2. A **Classifier** that categorizes text data based on embeddings.
3. (**Extra Credit**) Integration of a **Vector Database** (AstraDB, Pinecone, or ChromaDB) for efficient similarity searches.



---



## Part 1: Understanding Embeddings
1. Research how OpenAI’s text embeddings work and their use cases.
2. Choose or generate a synthetic dataset relevant to a business or industry problem.

>**Example datasets:**
* Customer reviews for a product recommendation system
* News articles for topic classification
* Medical reports for categorizing health conditions
* Movie descriptions for genre recommendations

In [2]:
from openai import OpenAI

# Understanding OpenAI's Text Embeddings

# What are Text Embeddings?
# Text embeddings are numerical vector representations of text that capture its semantic meaning.
# Instead of treating words as isolated entities, embeddings transform text into a high-dimensional space
# where similar meanings are closer together.

# How Do OpenAI's Embeddings Work?
# 1. Tokenization: The input text is split into smaller units (tokens).
# 2. Neural Network Processing: A pre-trained model processes the tokens to generate dense numerical vectors.
# 3. Semantic Representation: Similar words, phrases, or documents have embeddings that are **closer** together in the vector space.
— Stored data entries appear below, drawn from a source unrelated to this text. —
lemma lap_apply:
  assumes "u < n"
  shows "(\<Sum>w<n. lap u w * x w) = x u - (\<Sum>w<n. adj E u w * x w / sqrt (dg u * dg w))"
proof -
  have "(\<Sum>w<n. lap u w * x w)
      = (\<Sum>w<n. (if w = u then x u else 0) - adj E u w * x w / sqrt (dg u * dg w))"
    unfolding lap_def by (rule sum.cong) (auto simp: left_diff_distrib)
  then show ?thesis using assms by (simp add: sum_subtractf)
qed

lemma lap_form_nonneg: "0 \<le> (\<Sum>u<n. x u * (\<Sum>w<n. lap u w * x w))"
proof -
  have "0 \<le> (\<Sum>u<n. x u * (x u - (\<Sum>w<n. adj E u w * x w / sqrt (dg u * dg w))))"
    using adj_sym deg_eq_sum_adj deg_pos
    by (intro normalized_form_nonneg) (auto simp: symmetric_on_def adj_def)
  then show ?thesis by (simp add: lap_apply)
qed

definition kernel_vec :: "nat \<Rightarrow> real" where
  "kernel_vec u = sqrt (dg u) / sqrt (2 * m)"

lemma kernel_vec_unit: "(\<Sum>u<n. kernel_vec u * kernel_vec u) = 1"
proof -
  have "(\<Sum>u<n. kernel_vec u * kernel_vec u) = (\<Sum>u<n. dg u) / (2 * m)"
    unfolding kernel_vec_def sum_divide_distrib by (rule sum.cong) auto
  then show ?thesis using num_edges_pos sum_deg_eq_twice_num_edges[OF simple] by simp
qed

lemma lap_kernel_vec: "\<forall>u<n. (\<Sum>w<n. lap u w * kernel_vec w) = 0 * kernel_vec u"
proof (intro allI impI)
  fix u assume u: "u < n"
  have "(\<Sum>w<n. adj E u w * kernel_vec w / sqrt (dg u * dg w))
      = (\<Sum>w<n. adj E u w) / (sqrt (dg u) * sqrt (2 * m))"
    unfolding sum_divide_distrib
    using u by (intro sum.cong refl) (simp add: kernel_vec_def real_sqrt_mult deg_neq_0 field_simps)
  also have "\<dots> = dg u / sqrt (dg u) / sqrt (2 * m)" by (simp add: deg_eq_sum_adj[OF u])
  also have "\<dots> = kernel_vec u" unfolding kernel_vec_def by (subst real_div_sqrt) auto
  finally show "(\<Sum>w<n. lap u w * kernel_vec w) = 0 * kernel_vec u" by (simp add: lap_apply[OF u])
qed

lemma exists_eigenbasis: "\<exists>q mu. (\<forall>u<n. q 0 u = kernel_vec u) \<and> mu 0 = 0 \<and> eigenbasis n lap q mu"
  by (rule symmetric_eigenbasis_extends[OF symmetric_on_lap kernel_vec_unit lap_kernel_vec])

text \<open>\<open>test_vec u v\<close> is \<open>F_uv = sqrt d_v e_u - sqrt d_u e_v\<close> and \<open>adj_image u v x\<close> is
  \<open>- sqrt d_x\<close> times the off-diagonal part of \<open>\<hat>H F_uv\<close> at \<open>x\<close>, the term squared in the
  theorem.\<close>

definition test_vec :: "nat \<Rightarrow> nat \<Rightarrow> nat \<Rightarrow> real" where
  "test_vec u v x = (if x = u then sqrt (dg v) else 0) - (if x = v then sqrt (dg u) else 0)"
# Use Cases of OpenAI’s Embeddings:
# - Semantic Search: Find documents or responses based on meaning, not just keywords.
# - Text Similarity: Compare two texts to determine how similar they are.
# - Recommendation Systems: Suggest content based on similarity in meaning.
# - Clustering & Categorization: Group similar documents together for topic classification.
# - Chatbots & Virtual Assistants: Improve contextual understanding in conversations.
# - Anomaly Detection: Identify outliers in text data.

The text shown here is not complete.